Merhaba sevgili gündem okurları,
Bu yazımda sizlere biraz siyasetten ve önümüzdeki yerek seçimler için yapılan politikacılıktan bahsetmek istiyorum. Aslında politikadan pek anlayan biride değilim. Yinede su gördüğümüz, algıladığımız kadarıyla bazı konular hakkında bende kendi fikirlerimi sizlere aktarmak istiyorum.

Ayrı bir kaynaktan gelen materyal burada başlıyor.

lemma permute_list_eq_self_iff:
  assumes "\<sigma> permutes {..<length xs}"
  shows "permute_list \<sigma> xs = xs \<longleftrightarrow> (\<forall>i. xs ! \<sigma> i = xs ! i)"
proof -
  have "\<sigma> i = i" if "i \<ge> length xs" for i
    using assms that by (auto intro: permutes_not_in)
  then have "(\<forall>i. xs ! \<sigma> i = xs ! i) \<longleftrightarrow> (\<forall>i<length xs. xs ! \<sigma> i = xs ! i)"
    by (metis not_less)
  then show ?thesis
    by (auto simp: list_eq_iff_nth_eq permute_list_nth[OF assms])
qed

lemma permute_list_eq_self_distinct:
  assumes "distinct xs" "\<sigma> permutes {..<length xs}" "permute_list \<sigma> xs = xs"
  shows "\<sigma> = id"
proof
  fix i
  have \<sigma>: "\<forall>i. xs ! \<sigma> i = xs ! i"
    using assms(2,3) by (simp add: permute_list_eq_self_iff)
  show "\<sigma> i = id i"
  proof (cases "i < length xs")
    case True
    then show ?thesis
      using \<sigma> assms(1) permutes_in_image[OF assms(2)] by (metis id_apply lessThan_iff nth_eq_iff_index_eq)
  qed (simp add: permutes_not_in[OF assms(2)])
qed

lemma sum_sign_stabilizer:
  "(\<Sum>\<sigma> | \<sigma> permutes {..<length xs} \<and> permute_list \<sigma> xs = xs. sign \<sigma>)
     = (if distinct xs then 1 else 0)"
proof -
  define S where "S = {\<sigma>. \<sigma> permutes {..<length xs} \<and> permute_list \<sigma> xs = xs}"
  show ?thesis
  proof (cases "distinct xs")
    case True
    then have "S = {id}"
      using permute_list_eq_self_distinct by (auto simp: S_def permutes_id)
    then show ?thesis using True by (simp add: S_def)
  next
    case False
    then obtain i j where ij: "i < length xs" "j < length xs" "i \<noteq> j" "xs ! i = xs ! j"
      by (auto simp: distinct_conv_nth)
    define \<tau> where "\<tau> = Transposition.transpose i j"
    have \<tau>: "\<tau> permutes {..<length xs}" "permute_list \<tau> xs = xs"
      using ij by (auto simp: \<tau>_def permutes_swap_id permute_list_eq_self_iff Transposition.transpose_def)
    have sign_\<tau>\<sigma>: "sign (\<tau> \<circ> \<sigma>) = - sign \<sigma>" if "\<sigma> \<in> S" for \<sigma>
    proof -
      have "permutation \<sigma>" "permutation \<tau>"
        using that \<tau>(1) by (auto simp: S_def permutation_permutes)
      then show ?thesis using ij(3) by (simp add: sign_compose \<tau>_def sign_swap_id)
    qed
    have closed: "(\<circ>) \<tau> ` S \<subseteq> S"
      using \<tau> by (auto simp: S_def permutes_compose permute_list_compose)
    have "\<tau> \<circ> (\<tau> \<circ> \<sigma>) = \<sigma>" for \<sigma>
      by (auto simp: \<tau>_def fun_eq_iff)
    then have "bij_betw ((\<circ>) \<tau>) S S"
      using closed by (intro bij_betw_byWitness[where f' = "(\<circ>) \<tau>"]) auto
    then have "(\<Sum>\<sigma>\<in>S. sign \<sigma>) = (\<Sum>\<sigma>\<in>S. sign (\<tau> \<circ> \<sigma>))"
      by (rule sum.reindex_bij_betw[symmetric])
    also have "\<dots> = - (\<Sum>\<sigma>\<in>S. sign \<sigma>)"
      by (simp add: sign_\<tau>\<sigma> sum_negf)
    finally show ?thesis using False by (simp add: S_def)
  qed
qed

lemma orbit_invariant_eq:
  assumes "\<And>i. f (\<sigma> i) = f i" and "j \<in> orbit \<sigma> i"
  shows "f j = f i"
  using assms(2) by induction (simp_all add: assms(1))

lemma orbit_eq_if_mem:
  assumes "permutation \<sigma>" and "j \<in> orbit \<sigma> i"
  shows "orbit \<sigma> j = orbit \<sigma> i"
  using orbit_cyclic_eq3[OF cyclic_on_orbit'[OF assms(1)] assms(2)] .

lemma prod_cycles_of:
  assumes "\<sigma> permutes {..<m}"
  shows "(\<Prod>C\<in>cycles_of \<sigma> m. \<Prod>i\<in>C. h i) = (\<Prod>i<m. h i)"
proof -
  have perm: "permutation \<sigma>"
    using assms by (auto simp: permutation_permutes)
  have union: "\<Union>(cycles_of \<sigma> m) = {..<m}"
    using permutes_orbit_subset[OF assms] permutation_self_in_orbit[OF perm]
    by (auto simp: cycles_of_def)
  have "C = orbit \<sigma> x" if "C \<in> cycles_of \<sigma> m" "x \<in> C" for C x
    using that orbit_eq_if_mem[OF perm] by (auto simp: cycles_of_def)
  then have disjoint: "\<forall>C\<in>cycles_of \<sigma> m. \<forall>D\<in>cycles_of \<sigma> m. C \<noteq> D \<longrightarrow> C \<inter> D = {}"
    by blast
  have finite: "\<forall>C\<in>cycles_of \<sigma> m. finite C"
    using permutes_orbit_subset[OF assms] finite_subset by (fastforce simp: cycles_of_def)
  show ?thesis
    using prod.Union_disjoint[OF finite disjoint, of h] union by simp
qed

lemma stable_list_cycle_labelling:
  assumes \<sigma>: "\<sigma> permutes {..<m}"
    and xs: "set xs \<subseteq> A" "length xs = m" "permute_list \<sigma> xs = xs"
  obtains g where "g \<in> cycles_of \<sigma> m \<rightarrow>\<^sub>E A" "xs = map (\<lambda>i. g (orbit \<sigma> i)) [0..<m]"
proof -
  have invariant: "xs ! \<sigma> i = xs ! i" for i
    using \<sigma> xs by (simp add: permute_list_eq_self_iff)
  have Min_orbit: "Min (orbit \<sigma> i) \<in> orbit \<sigma> i" "orbit \<sigma> i \<subseteq> {..<m}" if "i < m" for i
  proof -
    show sub: "orbit \<sigma> i \<subseteq> {..<m}"
      using permutes_orbit_subset[OF \<sigma>] that by blast
    show "Min (orbit \<sigma> i) \<in> orbit \<sigma> i"
      using finite_subset[OF sub] orbit_nonempty by (rule Min_in) simp
  qed
  define g where "g = (\<lambda>C\<in>cycles_of \<sigma> m. xs ! Min C)"
  have g_orbit: "g (orbit \<sigma> i) = xs ! i" if "i < m" for i
    using that orbit_invariant_eq[of "(!) xs", OF invariant Min_orbit(1)]
    by (simp add: g_def cycles_of_def)
  have "g \<in> cycles_of \<sigma> m \<rightarrow>\<^sub>E A"
    unfolding g_def restrict_PiE_iff
  proof
    fix C assume "C \<in> cycles_of \<sigma> m"
    then obtain i where "i < m" "C = orbit \<sigma> i"
      by (auto simp: cycles_of_def)
    then have "Min C < length xs"
      using Min_orbit xs(2) by blast
    then show "xs ! Min C \<in> A"
      using xs(1) nth_mem by blast
  qed
  moreover have "xs = map (\<lambda>i. g (orbit \<sigma> i)) [0..<m]"
    by (rule nth_equalityI) (simp_all add: xs(2) g_orbit)
  ultimately show ?thesis
    by (rule that)
qed

lemma bij_betw_cycle_labellings:
  assumes "\<sigma> permutes {..<m}"
  shows "bij_betw (\<lambda>g. map (\<lambda>i. g (orbit \<sigma> i)) [0..<m]) (cycles_of \<sigma> m \<rightarrow>\<^sub>E A)
           {xs. set xs \<subseteq> A \<and> length xs = m \<and> permute_list \<sigma> xs = xs}"
proof (rule bij_betw_imageI)
  have perm: "permutation \<sigma>"
    using assms by (auto simp: permutation_permutes)
  show "inj_on (\<lambda>g. map (\<lambda>i. g (orbit \<sigma> i)) [0..<m]) (cycles_of \<sigma> m \<rightarrow>\<^sub>E A)"
  proof (rule inj_onI)
    fix g g' assume g: "g \<in> cycles_of \<sigma> m \<rightarrow>\<^sub>E A" and g': "g' \<in> cycles_of \<sigma> m \<rightarrow>\<^sub>E A"
      and eq: "map (\<lambda>i. g (orbit \<sigma> i)) [0..<m] = map (\<lambda>i. g' (orbit \<sigma> i)) [0..<m]"
    have "g (orbit \<sigma> i) = g' (orbit \<sigma> i)" if "i < m" for i
      using arg_cong[OF eq, of "\<lambda>xs. xs ! i"] that by simp
    then show "g = g'"
      by (intro PiE_ext[OF g g']) (auto simp: cycles_of_def)
  qed
  show "(\<lambda>g. map (\<lambda>i. g (orbit \<sigma> i)) [0..<m]) ` (cycles_of \<sigma> m \<rightarrow>\<^sub>E A)
          = {xs. set xs \<subseteq> A \<and> length xs = m \<and> permute_list \<sigma> xs = xs}"
  proof (intro set_eqI iffI)
    fix xs assume "xs \<in> (\<lambda>g. map (\<lambda>i. g (orbit \<sigma> i)) [0..<m]) ` (cycles_of \<sigma> m \<rightarrow>\<^sub>E A)"
    then obtain g where xs: "xs = map (\<lambda>i. g (orbit \<sigma> i)) [0..<m]" and g: "g \<in> cycles_of \<sigma> m \<rightarrow>\<^sub>E A"
      by (rule imageE)
    have "xs ! \<sigma> i = xs ! i" for i
      using xs permutation_orbit_step[OF perm] permutes_not_in[OF assms] permutes_in_image[OF assms]
      by (cases "i < m") auto
    then show "xs \<in> {xs. set xs \<subseteq> A \<and> length xs = m \<and> permute_list \<sigma> xs = xs}"
      using g xs assms by (auto simp: cycles_of_def permute_list_eq_self_iff)
  next
    fix xs assume "xs \<in> {xs. set xs \<subseteq> A \<and> length xs = m \<and> permute_list \<sigma> xs = xs}"
    then obtain g where "g \<in> cycles_of \<sigma> m \<rightarrow>\<^sub>E A" "xs = map (\<lambda>i. g (orbit \<sigma> i)) [0..<m]"
      using stable_list_cycle_labelling[OF assms] by blast
    then show "xs \<in> (\<lambda>g. map (\<lambda>i. g (orbit \<sigma> i)) [0..<m]) ` (cycles_of \<sigma> m \<rightarrow>\<^sub>E A)"
      by blast
  qed
qed

section \<open>The signed cycle sum\<close>

lemma prod_cycles_sum_eq_sum_stable_lists:
  fixes w :: "'b \<Rightarrow> nat \<Rightarrow> 'a :: comm_semiring_1"
  assumes \<sigma>: "\<sigma> permutes {..<m}" and "finite A"
  shows "(\<Prod>C\<in>cycles_of \<sigma> m. \<Sum>n\<in>A. \<Prod>i\<in>C. w n i)
       = (\<Sum>xs | set xs \<subseteq> A \<and> length xs = m \<and> permute_list \<sigma> xs = xs. \<Prod>i<m. w (xs ! i) i)"
proof -
  have perm: "permutation \<sigma>"
    using \<sigma> by (auto simp: permutation_permutes)
  have "(\<Prod>C\<in>cycles_of \<sigma> m. \<Sum>n\<in>A. \<Prod>i\<in>C. w n i)
      = (\<Sum>g\<in>cycles_of \<sigma> m \<rightarrow>\<^sub>E A. \<Prod>C\<in>cycles_of \<sigma> m. \<Prod>i\<in>C. w (g C) i)"
    using \<open>finite A\<close> by (intro prod_sum_PiE) (auto simp: cycles_of_def)
  also have "\<dots> = (\<Sum>g\<in>cycles_of \<sigma> m \<rightarrow>\<^sub>E A. \<Prod>i<m. w (g (orbit \<sigma> i)) i)"
  proof (rule sum.cong[OF refl])
    fix g
    have "(\<Prod>i\<in>C. w (g C) i) = (\<Prod>i\<in>C. w (g (orbit \<sigma> i)) i)" if "C \<in> cycles_of \<sigma> m" for C
      using that orbit_eq_if_mem[OF perm] by (auto simp: cycles_of_def intro: prod.cong)
    then show "(\<Prod>C\<in>cycles_of \<sigma> m. \<Prod>i\<in>C. w (g C) i) = (\<Prod>i<m. w (g (orbit \<sigma> i)) i)"
      by (simp add: prod_cycles_of[OF \<sigma>] cong: prod.cong)
  qed
  also have "\<dots> = (\<Sum>xs | set xs \<subseteq> A \<and> length xs = m \<and> permute_list \<sigma> xs = xs. \<Prod>i<m. w (xs ! i) i)"
    by (subst sum.reindex_bij_betw[OF bij_betw_cycle_labellings[OF \<sigma>], symmetric])
       (auto intro!: sum.cong prod.cong)
  finally show ?thesis .
qed

definition distinct_index_sum :: "('b \<Rightarrow> nat \<Rightarrow> 'a :: comm_semiring_1) \<Rightarrow> 'b set \<Rightarrow> nat list \<Rightarrow> 'a" where
  "distinct_index_sum b A L =
     (\<Sum>xs | set xs \<subseteq> A \<and> length xs = length L \<and> distinct xs. \<Prod>i<length L. b (xs ! i) (L ! i))"

lemma signed_cycle_sum_eq_distinct_index_sum:
  fixes b :: "'b \<Rightarrow> nat \<Rightarrow> 'a :: comm_ring_1"
  assumes "finite A"
  shows "(\<Sum>\<sigma> | \<sigma> permutes {..<length L}. of_int (sign \<sigma>) *
            (\<Prod>C\<in>cycles_of \<sigma> (length L). \<Sum>n\<in>A. \<Prod>i\<in>C. b n (L ! i)))
       = distinct_index_sum b A L"
proof -
  define m where "m = length L"
  define D where "D = {xs. set xs \<subseteq> A \<and> length xs = m}"
  define W where "W = (\<lambda>xs. \<Prod>i<m. b (xs ! i) (L ! i))"
  have fin_D: "finite D"
    unfolding D_def using \<open>finite A\<close> by (rule finite_lists_length_eq)
  have fin_perms: "finite {\<sigma>. \<sigma> permutes {..<m}}"
    by (rule finite_permutations) simp
  have stable_sum: "(\<Prod>C\<in>cycles_of \<sigma> m. \<Sum>n\<in>A. \<Prod>i\<in>C. b n (L ! i))
      = (\<Sum>xs\<in>D. if permute_list \<sigma> xs = xs then W xs else 0)" if "\<sigma> permutes {..<m}" for \<sigma>
  proof -
    have "{xs. set xs \<subseteq> A \<and> length xs = m \<and> permute_list \<sigma> xs = xs} = {xs\<in>D. permute_list \<sigma> xs = xs}"
      by (auto simp: D_def)
    then show ?thesis
      using prod_cycles_sum_eq_sum_stable_lists[OF that \<open>finite A\<close>, of "\<lambda>n i. b n (L ! i)"]
      unfolding W_def by (simp add: sum.inter_filter[OF fin_D])
  qed
  have "(\<Sum>\<sigma> | \<sigma> permutes {..<m}. of_int (sign \<sigma>) * (\<Prod>C\<in>cycles_of \<sigma> m. \<Sum>n\<in>A. \<Prod>i\<in>C. b n (L ! i)))
      = (\<Sum>\<sigma> | \<sigma> permutes {..<m}. \<Sum>xs\<in>D. of_int (if permute_list \<sigma> xs = xs then sign \<sigma> else 0) * W xs)"
    by (intro sum.cong refl) (auto simp: stable_sum sum_distrib_left intro!: sum.cong)
  also have "\<dots> = (\<Sum>xs\<in>D. of_int (\<Sum>\<sigma> | \<sigma> permutes {..<m}. if permute_list \<sigma> xs = xs then sign \<sigma> else 0) * W xs)"
    by (subst sum.swap) (simp add: of_int_sum sum_distrib_right)
  also have "\<dots> = (\<Sum>xs\<in>D. W xs * of_int (\<Sum>\<sigma> | \<sigma> permutes {..<length xs} \<and> permute_list \<sigma> xs = xs. sign \<sigma>))"
    by (intro sum.cong refl) (simp add: D_def sum.inter_filter[OF fin_perms, symmetric] conj_commute)
  also have "\<dots> = (\<Sum>xs\<in>D. if distinct xs then W xs else 0)"
    by (intro sum.cong refl) (simp add: sum_sign_stabilizer)
  also have "\<dots> = (\<Sum>xs\<in>{xs\<in>D. distinct xs}. W xs)"
    by (rule sum.inter_filter[OF fin_D, symmetric])
  also have "\<dots> = distinct_index_sum b A L"
    unfolding distinct_index_sum_def W_def D_def m_def by (simp add: conj_assoc)
  finally show ?thesis by (simp add: m_def)
qed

Belki zaman zaman yazılarımda bahsetmiştirim. Ama yinede belirteyim. Ben onyedi yıldır Belçika'da yaşamaktayım. Çocukluk ve gençlik yıllarım ise anavatan Türkiye'de geçti. Zamanla Belçika'ya geldiğimde gördüm ki, politika burada da aynı. Böl, parçala ve yut takdiği burası içinde geçerli.
Okul yıllarımda bizlerin etrafını siyaset simsarları sarardı. Amaçları bir siyasi partiye bağımlı olmamızı sağlamak ve militanca bizleri yetiştirmekti. Çoğu zaman başarıp o masum kardeşlerimizi istedikleri oyuna getiriyorlardı. Yani öyle bir gaz veriyorlardı ki, zehirlenmemek mümkün değil..
Evet gaz dedim. Bildiğiniz gibi çok çesit gaz türü vardir. Hava gazı, Oksijen gazı, Karbondioksit gazı, Araba gazı, Os…….k gazı vb.gibi.
Sevgili dostlar,
Bizin üzerinde durmak istediğimiz öyle bir gaz varki, maazallah insanı temas halinde felak eder. Evet bu gazın adı " pohpohlama gazı". Vallahi bir başkası tarafından bir öbürüne bu gaz verildiğinde, değil birkaç kişiye kafa tutmak bütün dünya karşısına dikilse yinede fayda etmez. İşte gaza getirilmişlerin kendilerini üzerlerine bomba yerleştirerek nasıl hem kendilerine ve hemde başkalarına zarar verdiklerini görüyoruz. Yüce Rabbim bu gazlardan bizleri korusun.
Belçika'da 8 Ekim 2006'da yapılacak seçimlerde müthiş oyunlar dönüyor. Ayrıca hiç de yakışmayan karalamalar oluyor. Demek ki, bu sadece Türkiye'de değilmiş demekden kendimi alamıyorum.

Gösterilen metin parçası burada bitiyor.